Goal of the exercise: If a line in the data below holds the word "pairwise", copy it.
━━━━━━
lemma prob_llr_sum_always_gt:
  assumes "t \<ge> 0" and "llr_mgf P Q0 Q1 t < 1"
  shows "measure (stream_space (measure_pmf P))
           {w \<in> space (stream_space (measure_pmf P)). \<forall>n\<ge>1. c < llr_sum Q0 Q1 w n} = 0"
proof -
  let ?S = "stream_space (measure_pmf P)"
  interpret S: prob_space ?S
    by (rule prob_space_stream_space_pmf)
  define m where "m = llr_mgf P Q0 Q1 t"
  have m: "0 \<le> m" "m < 1"
    using assms llr_mgf_nonneg unfolding m_def by auto
  let ?A = "{w \<in> space ?S. \<forall>n\<ge>1. c < llr_sum Q0 Q1 w n}"
  have bound: "measure ?S ?A \<le> exp (- t * c) * m ^ Suc n" for n
  proof -
    have "measure ?S ?A \<le> measure ?S {w \<in> space ?S. c \<le> llr_sum Q0 Q1 w (Suc n)}"
      by (intro S.finite_measure_mono) (auto intro: less_imp_le)
    also have "\<dots> \<le> exp (- t * c) * m ^ Suc n"
      using prob_llr_sum_ge[OF assms(1)] unfolding m_def .
    finally show ?thesis .
  qed
  have "(\<lambda>n. exp (- t * c) * m ^ Suc n) \<longlonglongrightarrow> 0"
    using m by (intro tendsto_mult_right_zero LIMSEQ_power_zero[THEN LIMSEQ_Suc]) auto
  then have "measure ?S ?A \<le> 0"
    using LIMSEQ_le_const bound by blast
  then show ?thesis
    by (simp add: measure_le_0_iff)
qed

lemma sprt_decides1_if_never_ge:
  assumes "\<forall>n. llr_sum Q0 Q1 w n < g0" and "\<exists>n\<ge>1. llr_sum Q0 Q1 w n \<le> - g1"
  shows "sprt_decides1 Q0 Q1 g0 g1 w"
proof -
  obtain n where n: "n \<ge> 1 \<and> llr_sum Q0 Q1 w n \<le> - g1"
    and least: "\<forall>k<n. \<not> (k \<ge> 1 \<and> llr_sum Q0 Q1 w k \<le> - g1)"
    using assms(2) exists_least_iff[of "\<lambda>n. n \<ge> 1 \<and> llr_sum Q0 Q1 w n \<le> - g1"] by blast
  show ?thesis
    unfolding sprt_decides1_def using n least assms(1) by (intro exI[of _ n]) (auto simp: not_le)
qed

lemma sprt_eps0_ge:
  assumes "t \<ge> 0" and "llr_mgf P Q0 Q1 t < 1"
  shows "1 - exp (- t * g0) / (1 - llr_mgf P Q0 Q1 t) \<le> sprt_eps0 P Q0 Q1 g0 g1"
proof -
  let ?S = "stream_space (measure_pmf P)"
  interpret S: prob_space ?S
    by (rule prob_space_stream_space_pmf)
  define Decide1 where "Decide1 = {w \<in> space ?S. sprt_decides1 Q0 Q1 g0 g1 w}"
  define Up where "Up = {w \<in> space ?S. \<exists>n. g0 \<le> llr_sum Q0 Q1 w n}"
  define Stay where "Stay = {w \<in> space ?S. \<forall>n\<ge>1. - g1 < llr_sum Q0 Q1 w n}"
  have [measurable]: "Decide1 \<in> sets ?S" "Up \<in> sets ?S" "Stay \<in> sets ?S"
    unfolding Decide1_def Up_def Stay_def sprt_decides1_def by measurable
  have "w \<in> Decide1 \<union> Up \<union> Stay" if "w \<in> space ?S" for w
  proof (cases "w \<in> Up \<union> Stay")
    case False
    then have "sprt_decides1 Q0 Q1 g0 g1 w"
      using that by (intro sprt_decides1_if_never_ge) (auto simp: Up_def Stay_def not_le not_less)
    then show ?thesis
      using that by (simp add: Decide1_def)
  qed auto
  then have "1 \<le> measure ?S (Decide1 \<union> Up \<union> Stay)"
    using S.finite_measure_mono[of "space ?S"] by (simp add: S.prob_space subsetI)
  also have "\<dots> \<le> measure ?S Decide1 + measure ?S Up + measure ?S Stay"
    using measure_Un_le[of "Decide1 \<union> Up" ?S Stay] measure_Un_le[of Decide1 ?S Up] by auto
  finally show ?thesis
    using prob_llr_sum_ever_ge[OF assms, of g0] prob_llr_sum_always_gt[OF assms, of "- g1"]
    unfolding sprt_eps0_def Decide1_def Up_def Stay_def by linarith
qed
(* Let $1\le p\le\infty$ and $f,f',b,b'\in\mathcal{L}^p(I)$. Then $$\|(f*_Tb)-(f'*_Tb')\|_p\le\frac{1}{1-\Lambda}\left(\|f-f'\|_p+\Lambda\|b-b'\|_p\right).$$ For $0<p<1$ the same inequality holds with $\|g-h\|_p$ replaced by $d_p(g,h)=\int_I|g-h|^p\,dx$ and $\Lambda$ replaced by $\Lambda^p$.
   Context: Let $N\ge 2$, $I=[x_0,x_N]\subset\mathbb{R}$ and $\Delta: x_0<x_1<\dots<x_N$ a partition of $I$. For $n=1,\dots,N$ let $L_n(x)=a_nx+b_n$ be the affine map with $L_n(x_0)=x_{n-1}$, $L_n(x_N)=x_n$; set $I_1=[x_0,x_1]$, $I_n=(x_{n-1},x_n]$ for $n\ge 2$. Let $\alpha=(\alpha_1,\dots,\alpha_N)\in(\mathcal{L}^\infty(I))^N$ with $\Lambda:=\operatorname{ess\,sup}\{|\alpha_n(x)|:x\in I,\ n=1,\dots,N\}<1$. For $0<p\le\infty$ and $f,b\in\mathcal{L}^p(I)$, the fractal convolution $f*_Tb$ is the unique fixed point in $\mathcal{L}^p(I)$ of the contraction $Tg(x):=f(x)+\alpha_n(L_n^{-1}(x))\,(g-b)(L_n^{-1}(x))$, $x\in I_n$, $n=1,\dots,N$. The partition, the maps $L_n$ and $\alpha$ are fixed. *)

theory Defs
  imports "HOL-Analysis.Analysis" "HOL-Probability.Essential_Supremum"
begin

definition Ival :: "(nat \<Rightarrow> real) \<Rightarrow> nat \<Rightarrow> real set" where
  "Ival x N = {x 0 .. x N}"

definition Iseg :: "(nat \<Rightarrow> real) \<Rightarrow> nat \<Rightarrow> real set" where
  "Iseg x n = (if n = 1 then {x 0 .. x 1} else {x (n - 1) <.. x n})"

definition Lmap :: "(nat \<Rightarrow> real) \<Rightarrow> nat \<Rightarrow> nat \<Rightarrow> real \<Rightarrow> real" where
  "Lmap x N n t = x (n - 1) + (x n - x (n - 1)) / (x N - x 0) * (t - x 0)"

definition Linv :: "(nat \<Rightarrow> real) \<Rightarrow> nat \<Rightarrow> nat \<Rightarrow> real \<Rightarrow> real" where
  "Linv x N n t = x 0 + (x N - x 0) / (x n - x (n - 1)) * (t - x (n - 1))"

definition Lam :: "(nat \<Rightarrow> real) \<Rightarrow> nat \<Rightarrow> (nat \<Rightarrow> real \<Rightarrow> real) \<Rightarrow> ereal" where
  "Lam x N \<alpha> = esssup (lebesgue_on (Ival x N)) (\<lambda>t. Max ((\<lambda>n. ereal \<bar>\<alpha> n t\<bar>) ` {1..N}))"

definition memLp :: "real set \<Rightarrow> ennreal \<Rightarrow> (real \<Rightarrow> real) \<Rightarrow> bool" where
  "memLp I p g \<longleftrightarrow> g \<in> borel_measurable (lebesgue_on I) \<and>
     (if p = \<infinity> then esssup (lebesgue_on I) (\<lambda>t. ereal \<bar>g t\<bar>) < \<infinity>
      else integrable (lebesgue_on I) (\<lambda>t. \<bar>g t\<bar> powr enn2real p))"

definition Lp_norm :: "real set \<Rightarrow> ennreal \<Rightarrow> (real \<Rightarrow> real) \<Rightarrow> real" where
  "Lp_norm I p g =
     (if p = \<infinity> then real_of_ereal (esssup (lebesgue_on I) (\<lambda>t. ereal \<bar>g t\<bar>))
      else (\<integral>t. \<bar>g t\<bar> powr enn2real p \<partial>lebesgue_on I) powr (1 / enn2real p))"

definition dp :: "real set \<Rightarrow> real \<Rightarrow> (real \<Rightarrow> real) \<Rightarrow> (real \<Rightarrow> real) \<Rightarrow> real" where
  "dp I p g h = (\<integral>t. \<bar>g t - h t\<bar> powr p \<partial>lebesgue_on I)"

text \<open>The operator T (on I; the pieces I_n are pairwise disjoint, so the sum selects the
  unique n with t in I_n).\<close>
definition fcT :: "(nat \<Rightarrow> real) \<Rightarrow> nat \<Rightarrow> (nat \<Rightarrow> real \<Rightarrow> real) \<Rightarrow>
    (real \<Rightarrow> real) \<Rightarrow> (real \<Rightarrow> real) \<Rightarrow> (real \<Rightarrow> real) \<Rightarrow> real \<Rightarrow> real" where
  "fcT x N \<alpha> f b g t = f t + (\<Sum>n\<in>{1..N}. if t \<in> Iseg x n then
      \<alpha> n (Linv x N n t) * (g (Linv x N n t) - b (Linv x N n t)) else 0)"

definition frac_conv :: "(nat \<Rightarrow> real) \<Rightarrow> nat \<Rightarrow> (nat \<Rightarrow> real \<Rightarrow> real) \<Rightarrow> ennreal \<Rightarrow>
    (real \<Rightarrow> real) \<Rightarrow> (real \<Rightarrow> real) \<Rightarrow> (real \<Rightarrow> real)" where
  "frac_conv x N \<alpha> p f b = (SOME h. memLp (Ival x N) p h \<and>
      (AE t in lebesgue_on (Ival x N). fcT x N \<alpha> f b h t = h t))"

end

theory Submission
  imports Defs
begin
lemma D_le_of_large_u:
  assumes C: "0 < C" and bound: "real (omega q) \<le> C * y powr \<alpha>"
  shows "D x y q \<le> exp (2 * \<bar>ln (10 * C)\<bar> + 12 + \<epsilon>) * rate \<epsilon> u"
proof -
  have mono: "exp (0 + 1/2 + \<epsilon>) * rate \<epsilon> u \<le> exp (2 * \<bar>ln (10 * C)\<bar> + 12 + \<epsilon>) * rate \<epsilon> u"
    using u_ge_1 by (intro exp_mult_rate_mono) auto
  consider (no_factors) "omega q = 0"
    | (few_factors) "1 \<le> omega q" "ln (real (omega q)) \<le> ln u / 2 - (1/2 + \<epsilon>) * ln (ln u)"
    | (many_factors) "1 \<le> omega q" "ln u / 2 - (1/2 + \<epsilon>) * ln (ln u) < ln (real (omega q))"
    by linarith
  then show ?thesis
  proof cases
    case no_factors
    moreover have "0 \<le> exp (2 * \<bar>ln (10 * C)\<bar> + 12 + \<epsilon>) * rate \<epsilon> u"
      using u_ge_1 by (simp add: rate_nonneg)
    ultimately show ?thesis using D_le_omega by simp
  next
    case few_factors
    then have "real (omega q) \<le> exp (0 + 1/2 + \<epsilon>) * rate \<epsilon> u"
      using eps_nonneg u_ge_2 by (intro le_exp_mult_rate) auto
    then show ?thesis using D_le_omega mono by linarith
  next
    case many_factors
    then have "ln u / 4 \<le> \<theta> * ln y" using ln_omega_le ln_ln_u_le by linarith
    then show ?thesis using D_le_of_many_factors[OF C many_factors(1) bound] by blast
  qed
qed

end

theorem mainTheorem6:
  fixes \<epsilon> C :: real
  assumes "\<epsilon> > 0" and "C > 0"
  shows "\<exists>K>0. \<forall>(x::real) (y::real) (q::nat).
     2 \<le> y \<and> y \<le> x \<and> psi y > 2 * ln x \<and> 1 \<le> q \<and>
     (\<forall>p\<in>prime_factors q. real p \<le> y) \<and>
     real (omega q) \<le> C * y powr (1/2 - (1 + \<epsilon>) * ln (ln (u_of x y)) / ln (u_of x y))
     \<longrightarrow> D x y q \<le> K * sqrt (u_of x y) / (ln (2 * u_of x y)) powr (1/2 + \<epsilon>)"
proof -
  define U where "U = exp ((4 + 8 * \<epsilon>)^2)"
  define B where "B = (256 * U^4 + 2 * U^2 + 2) * ln (2 * U) powr (1/2 + \<epsilon>)"
  define K where "K = B + exp (2 * \<bar>ln (10 * C)\<bar> + 12 + \<epsilon>)"
  have U: "1 \<le> U" by (simp add: U_def)
  have "D x y q \<le> K * rate \<epsilon> (u_of x y)"
    if "2 \<le> y \<and> y \<le> x \<and> psi y > 2 * ln x \<and> 1 \<le> q \<and> (\<forall>p\<in>prime_factors q. real p \<le> y) \<and>
      real (omega q) \<le> C * y powr (1/2 - (1 + \<epsilon>) * ln (ln (u_of x y)) / ln (u_of x y))"
    for x y q
  proof -
    interpret smooth_setting x y q using that by unfold_locales auto
    have "D x y q \<le> B * rate \<epsilon> u \<or> D x y q \<le> exp (2 * \<bar>ln (10 * C)\<bar> + 12 + \<epsilon>) * rate \<epsilon> u"
    proof (cases "u \<le> U")
      case True
      have "D x y q \<le> 256 * U^4 + 2 * U^2 + 2" by (rule D_le_of_u_le[OF True])
      also have "\<dots> \<le> B * rate \<epsilon> u"
        unfolding B_def using assms(1) u_ge_1 True by (intro le_mult_ln_powr_mult_rate) auto
      finally show ?thesis by simp
    next
      case False
      then have "ln U \<le> ln u" using U by (intro ln_mono) auto
      then interpret large_u_setting x y q \<epsilon> using that assms(1) by unfold_locales (auto simp: U_def)
      show ?thesis using D_le_of_large_u assms(2) that by blast
    qed
    moreover have "0 \<le> B" "0 \<le> rate \<epsilon> u" using U u_ge_1 rate_nonneg by (simp_all add: B_def)
    ultimately show ?thesis by (smt (verit) K_def exp_gt_zero mult_right_mono)
  qed
  moreover have "0 < K" unfolding K_def B_def using U by (intro add_nonneg_pos) auto
  ultimately show ?thesis by (intro exI[of _ K]) (auto simp: rate_def)
qed

end
text \<open>Covering dimension at most 0 (Cech-Lebesgue): every finite open cover has a finite
  open refinement of order 0, i.e. consisting of pairwise disjoint sets.\<close>
definition covering_dim_zero :: "'a topology \<Rightarrow> bool" where
  "covering_dim_zero X \<longleftrightarrow>
     (\<forall>\<U>. finite \<U> \<and> (\<forall>U\<in>\<U>. openin X U) \<and> \<Union>\<U> = topspace X \<longrightarrow>
        (\<exists>\<V>. finite \<V> \<and> (\<forall>V\<in>\<V>. openin X V) \<and> \<Union>\<V> = topspace X \<and>
             (\<forall>V\<in>\<V>. \<exists>U\<in>\<U>. V \<subseteq> U) \<and> pairwise disjnt \<V>))"

definition Met :: "'a topology \<Rightarrow> ('a \<Rightarrow> 'a \<Rightarrow> real) set" where
  "Met X = {d. Metric_space (topspace X) d \<and> Metric_space.mtopology (topspace X) d = X}"

definition DX :: "'a topology \<Rightarrow> ('a \<Rightarrow> 'a \<Rightarrow> real) \<Rightarrow> ('a \<Rightarrow> 'a \<Rightarrow> real) \<Rightarrow> ennreal" where
  "DX X d e = (SUP p \<in> topspace X \<times> topspace X. ennreal \<bar>d (fst p) (snd p) - e (fst p) (snd p)\<bar>)"

definition Met_open :: "'a topology \<Rightarrow> ('a \<Rightarrow> 'a \<Rightarrow> real) set \<Rightarrow> bool" where
  "Met_open X U \<longleftrightarrow> U \<subseteq> Met X \<and>
     (\<forall>d\<in>U. \<exists>r>0. \<forall>e\<in>Met X. DX X d e < ennreal r \<longrightarrow> e \<in> U)"

lemma istopology_Met_open: "istopology (Met_open X)"
  unfolding istopology_def
proof (intro conjI allI impI)
  fix S T assume S: "Met_open X S" and T: "Met_open X T"
  show "Met_open X (S \<inter> T)"
    unfolding Met_open_def
  proof (intro conjI ballI)
    show "S \<inter> T \<subseteq> Met X" using S unfolding Met_open_def by blast
    fix d assume d: "d \<in> S \<inter> T"
    obtain r where r: "r > 0" "\<forall>e\<in>Met X. DX X d e < ennreal r \<longrightarrow> e \<in> S"
      using S d unfolding Met_open_def by blast
    obtain s where s: "s > 0" "\<forall>e\<in>Met X. DX X d e < ennreal s \<longrightarrow> e \<in> T"
      using T d unfolding Met_open_def by blast
    show "\<exists>r>0. \<forall>e\<in>Met X. DX X d e < ennreal r \<longrightarrow> e \<in> S \<inter> T"
    proof (intro exI[of _ "min r s"] conjI ballI impI)
      show "0 < min r s" using r s by simp
      fix e assume "e \<in> Met X" "DX X d e < ennreal (min r s)"
      moreover have "ennreal (min r s) \<le> ennreal r" "ennreal (min r s) \<le> ennreal s"
        by (auto intro: ennreal_leI)
      ultimately have "DX X d e < ennreal r" "DX X d e < ennreal s"
        using order_less_le_trans by blast+
      then show "e \<in> S \<inter> T" using r(2) s(2) \<open>e \<in> Met X\<close> by blast
    qed
  qed
next
  fix K assume K: "\<forall>S\<in>K. Met_open X S"
  show "Met_open X (\<Union>K)"
    unfolding Met_open_def
  proof (intro conjI ballI)
    show "\<Union>K \<subseteq> Met X" using K unfolding Met_open_def by blast
    fix d assume "d \<in> \<Union>K"
    then obtain S where "S \<in> K" "d \<in> S" by blast
    then obtain r where "r > 0" "\<forall>e\<in>Met X. DX X d e < ennreal r \<longrightarrow> e \<in> S"
      using K unfolding Met_open_def by blast
    then show "\<exists>r>0. \<forall>e\<in>Met X. DX X d e < ennreal r \<longrightarrow> e \<in> \<Union>K"
      using \<open>S \<in> K\<close> by blast
  qed
qed

definition Met_topology :: "'a topology \<Rightarrow> ('a \<Rightarrow> 'a \<Rightarrow> real) topology" where
  "Met_topology X = topology (Met_open X)"

lemma openin_Met_topology: "openin (Met_topology X) U \<longleftrightarrow> Met_open X U"
  unfolding Met_topology_def by (simp add: istopology_Met_open topology_inverse')

definition uniformly_disconnected :: "'a set \<Rightarrow> ('a \<Rightarrow> 'a \<Rightarrow> real) \<Rightarrow> bool" where
  "uniformly_disconnected M d \<longleftrightarrow>
     (\<exists>\<delta>. 0 < \<delta> \<and> \<delta> < 1 \<and>
        (\<forall>N::nat. \<forall>z::nat \<Rightarrow> 'a. (\<forall>i\<le>N. z i \<in> M) \<and> (\<exists>i\<le>N. \<exists>j\<le>N. z i \<noteq> z j) \<longrightarrow>
            \<delta> * d (z 0) (z N) \<le> Max ((\<lambda>i. d (z i) (z (Suc i))) ` {..<N})))"

end

theory Submission
  imports Defs
begin
(* Consider MINTIME under the independent cascade model with budget $k$ and coverage threshold $\eta$, and let $R_{\mathit{OPT}}$ be the optimal propagation time. Let $\epsilon>0$, use coverage threshold $\eta-\epsilon$ and budget threshold $k(1+\ln(\eta/\epsilon))$. If the coverage function $\sigma^R(\cdot)$ can be computed exactly, then there is a greedy algorithm (greedy seed selection for coverage within $R$ steps, combined with a linear search over $R=0,\dots,n-1$) that approximates MINTIME within an $(\alpha,\beta,\gamma)$ factor with $\alpha=1$, $\beta=1+\ln(\eta/\epsilon)$ and $\gamma=1-\epsilon/\eta$, i.e., it outputs $S$ and $R$ with $|S|\le\beta k$, $R\le\alpha R_{\mathit{OPT}}$ and $\sigma^R(S)\ge\gamma\eta$. Furthermore, for every $\phi>0$ there is a $\delta>0$ such that, using $(1-\delta)$-approximate values of $\sigma^R(\cdot)$, the greedy algorithm approximates MINTIME within an $(\alpha,\beta,\gamma)$ factor with $\alpha=1$, $\beta=(1+\phi)(1+\ln(\eta/\epsilon))$ and $\gamma=1-\epsilon/\eta$.
   Context: Independent cascade (IC) model on a directed graph $G=(V,E)$, $n=|V|$, with arc probabilities $p_{v,u}$: seed nodes are active at time $0$; when a node $v$ becomes active at time $t$, it has one chance to activate each inactive out-neighbour $u$, succeeding independently with probability $p_{v,u}$, in which case $u$ becomes active at time $t+1$. $\sigma^R(S)$ denotes the expected number of nodes active by time $R$ with seed set $S$. MINTIME: given $G$, an integer $k$ and a real $\eta\le|V|$, find $S\subseteq V$ with $|S|\le k$ and the smallest $t\in\mathbb{N}$ with $\sigma^t(S)\ge\eta$; $R_{\mathit{OPT}}$ is this smallest $t$. The greedy step for fixed $R$: start with $S=\emptyset$ and, while $\sigma^R(S)<\eta-\epsilon$, add a node $w\notin S$ maximizing $\min(\sigma^R(S\cup\{w\}),\eta)-\sigma^R(S)$. Using $(1-\delta)$-approximate values means replacing $\sigma^R$ by an estimate $\sigma'$ with $(1-\delta)\sigma^R(S)\le\sigma'(S)\le\sigma^R(S)$ for all $S$. *)

theory Defs
  imports Complex_Main
begin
━━━━━━
Exercise solution:
text \<open>The operator T (on I; the pieces I_n are pairwise disjoint, so the sum selects the
  open refinement of order 0, i.e. consisting of pairwise disjoint sets.\<close>
             (\<forall>V\<in>\<V>. \<exists>U\<in>\<U>. V \<subseteq> U) \<and> pairwise disjnt \<V>))"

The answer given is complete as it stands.